Windows 7 can run apps in true Windows XP Mode?

Tuesday, April 28th, 2009

Wow this is ambitious. The idea is that Windows 7 will have deep compatibility mode where you can run an application in a kind of XP virtual machine mode box. I gather that Win 7 Pro/Ultimate users can download the required XPM bits free.

Read more…

PS.

Microsoft’s Application Virtualization product (App-V) has been released to manufacturing and can be downloaded here:
So this is probably what Microsoft are looking at using for Windows 7. Instead of running an entire virtual desktop, it allows an application to run in a bubble. MS purchased V-App (formally SoftGrid) from Softricity.

Windows 7 SKUs Announced

Wednesday, February 4th, 2009

Windows 7 is looking good. So good that MS say they will skip Beta 2 and go straight to RC (release candidate) – see ZDNET article.

Most testers are very happy with the beta and hope MS will release sooner rather than later. Normal scheduled release is 3 years after Vista which means end of the year for MSDN subscribers, Jan 2010 for everyone else. One rumors even says Q3 of this year. MS say they will release when they are ready.

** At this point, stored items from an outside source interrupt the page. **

lemma reach_prob_le:
  assumes "0 \<le> p" "p \<le> 1"
  shows "finite A \<Longrightarrow> finite U \<Longrightarrow> A \<inter> U = {} \<Longrightarrow>
    reach_prob p A U \<le> (1 - (1 - p) ^ (card A + card U - 1)) ^ card U"
proof (induction "card A + card U" arbitrary: A U rule: less_induct)
  case less
  consider "U = {}" | "U \<noteq> {}" "A = {}" | w where "w \<in> A" "U \<noteq> {}" by blast
  then show ?case
  proof cases
    case 1
    then show ?thesis
      using less.prems
      by (simp add: reach_prob_def reachable_from_def bernoulli_prob_True finite_pairs_meeting)
  next
    case 2
    then have "reach_prob p A U = 0"
      by (simp add: reach_prob_def reachable_from_def bernoulli_prob_def)
    then show ?thesis using assms by (simp add: power_le_one)
  next
    case 3
    define m where "m = card A + card U - 1"
    define c where "c = 1 - (1 - p) ^ (m - 1)"
    have "0 < card A" "0 < card U"
      using 3 less.prems by (auto simp: card_gt_0_iff)
    then have m: "m = Suc (m - 1)"
      by (simp add: m_def)
    have "reach_prob p A U \<le>
        (\<Sum>K\<in>Pow U. bernoulli_weight p U K * reach_prob p (A - {w} \<union> K) (U - K))"
      using reach_prob_remove_root[OF assms less.prems 3(1)] .
    also have "\<dots> \<le> (\<Sum>K\<in>Pow U. bernoulli_weight p U K * c ^ card (U - K))"
    proof (intro sum_mono mult_left_mono bernoulli_weight_nonneg assms)
      fix K assume K: "K \<in> Pow U"
      then have "finite K" "card K \<le> card U"
        using less.prems finite_subset card_mono by auto
      moreover have "card (A - {w} \<union> K) = card A - 1 + card K"
        using K 3 less.prems \<open>finite K\<close> by (subst card_Un_disjoint) auto
      moreover have "card (U - K) = card U - card K"
        using K \<open>finite K\<close> by (simp add: card_Diff_subset)
      ultimately have card: "card (A - {w} \<union> K) + card (U - K) = m"
        using \<open>0 < card A\<close> by (simp add: m_def)
      have "reach_prob p (A - {w} \<union> K) (U - K) \<le>
          (1 - (1 - p) ^ (card (A - {w} \<union> K) + card (U - K) - 1)) ^ card (U - K)"
        using less.prems \<open>finite K\<close> card m
        by (intro less.hyps) (auto simp: m_def)
      then show "reach_prob p (A - {w} \<union> K) (U - K) \<le> c ^ card (U - K)"
        unfolding card c_def .
    qed
    also have "\<dots> = (p + (1 - p) * c) ^ card U"
      using less.prems by (simp add: sum_bernoulli_weight_power)
    also have "p + (1 - p) * c = 1 - (1 - p) ^ m"
      by (subst m(1)) (simp add: c_def algebra_simps)
    finally show ?thesis unfolding m_def .
  qed
qed

lemma gnp_pairs_eq_pairs_meeting: "gnp_pairs n = pairs_meeting {1} {2..n}"
  unfolding gnp_pairs_def pairs_meeting_def
proof (intro set_eqI iffI; elim CollectE exE conjE)
  fix e i j assume e: "e = {i, j}" "i \<in> {1..n}" "j \<in> {1..n}" "i \<noteq> j"
  show "e \<in> {{x, y} | x y. x \<noteq> y \<and> x \<in> {1} \<union> {2..n} \<and> y \<in> {2..n}}"
  proof (cases "j = 1")
    case True
    with e have "e = {j, i} \<and> j \<noteq> i \<and> j \<in> {1} \<union> {2..n} \<and> i \<in> {2..n}" by auto
    then show ?thesis by blast
  next
    case False
    with e have "e = {i, j} \<and> i \<noteq> j \<and> i \<in> {1} \<union> {2..n} \<and> j \<in> {2..n}" by auto
    then show ?thesis by blast
  qed
next
  fix e x y assume "e = {x, y}" "x \<noteq> y" "x \<in> {1} \<union> {2..n}" "y \<in> {2..n}"
  then show "e \<in> {e. \<exists>i j. e = {i, j} \<and> i \<in> {1..n} \<and> j \<in> {1..n} \<and> i \<noteq> j}"
    by (intro CollectI exI[of _ x] exI[of _ y]) auto
qed

lemma gnp_prob_eq_bernoulli_prob: "gnp_prob n p Q = bernoulli_prob p (gnp_pairs n) Q"
proof -
  have "finite (gnp_pairs n)"
    by (simp add: gnp_pairs_eq_pairs_meeting finite_pairs_meeting)
  then have "card (gnp_pairs n - E) = card (gnp_pairs n) - card E" if "E \<subseteq> gnp_pairs n" for E
    using that by (simp add: card_Diff_subset finite_subset)
  then show ?thesis
    unfolding gnp_prob_def bernoulli_prob_def bernoulli_weight_def by (intro sum.cong) auto
qed

lemma graph_connected_imp_reachable_from:
  "1 \<le> n \<Longrightarrow> graph_connected n E \<Longrightarrow> reachable_from E {1} {2..n}"
  unfolding graph_connected_def reachable_from_def by auto

theorem lemma3p3:
  fixes \<alpha> :: real and n :: nat
  assumes "\<alpha> \<ge> 0" and "n \<ge> 2" and "real n \<ge> \<alpha>"
  shows "gnp_prob n (\<alpha> / real n) (graph_connected n)
           \<le> (1 - (1 - \<alpha> / real n) ^ (n - 1)) ^ (n - 1)"
proof -
  define p where "p = \<alpha> / real n"
  have p: "0 \<le> p" "p \<le> 1"
    unfolding p_def using assms by (simp_all add: divide_le_eq_1)
  have "gnp_prob n p (graph_connected n) =
      bernoulli_prob p (pairs_meeting {1} {2..n}) (graph_connected n)"
    by (simp add: gnp_prob_eq_bernoulli_prob gnp_pairs_eq_pairs_meeting)
  also have "\<dots> \<le> reach_prob p {1} {2..n}"
    unfolding reach_prob_def using assms(2) p
    by (intro bernoulli_prob_mono finite_pairs_meeting graph_connected_imp_reachable_from) auto
  also have "\<dots> \<le> (1 - (1 - p) ^ (card {1::nat} + card {2..n} - 1)) ^ card {2..n}"
    using p by (intro reach_prob_le) auto
  also have "\<dots> = (1 - (1 - p) ^ (n - 1)) ^ (n - 1)"
    using assms(2) by simp
  finally show ?thesis unfolding p_def .
qed

end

I’ve got a DEL Latitude XT with pen and multi-touch capability. Even with only 1GB of RAM Windows 7 seems faster and leaner than Vista. For example I installed a clean copy of Vista, tested, then installed a clean copy of Windows 7.

  • Time for Vista to sleep:  40+ seconds (similar time to wake)
  • Time for Windows 7 to sleep:  6-8 seconds (similar time to wake)

that alone makes it very desirable. The Windows 7 touch is very natural and fun to use and.. I’m keeping  it.

The Windows 7 SKU

The official Windows 7 SKUs (Stock Keeping Units?) were announced today. There are 6 versions of Windows, however it’s much simpler than Vista since only 2 versions will be readily available through retail and OEMs:

  • Windows Home Premium — For consumers (Equivalent to Vista Home Premium)
  • Windows Professional – For business and consumers with business interests (unlike Vista Business it includes all Home Premium features).

Unlike Vista SKUs, the Windows 7 SKUs all build on each other. The Starter & Home Basic are for special OEMs so you may never see these.  Enterprise is for large business available only though MS volume licensing. Windows 7 Ultimate is of small interest to most, offering Bitlocker, Language Packs, and other obscure enterprise features. So this is very different from the confusing Vista SKUs.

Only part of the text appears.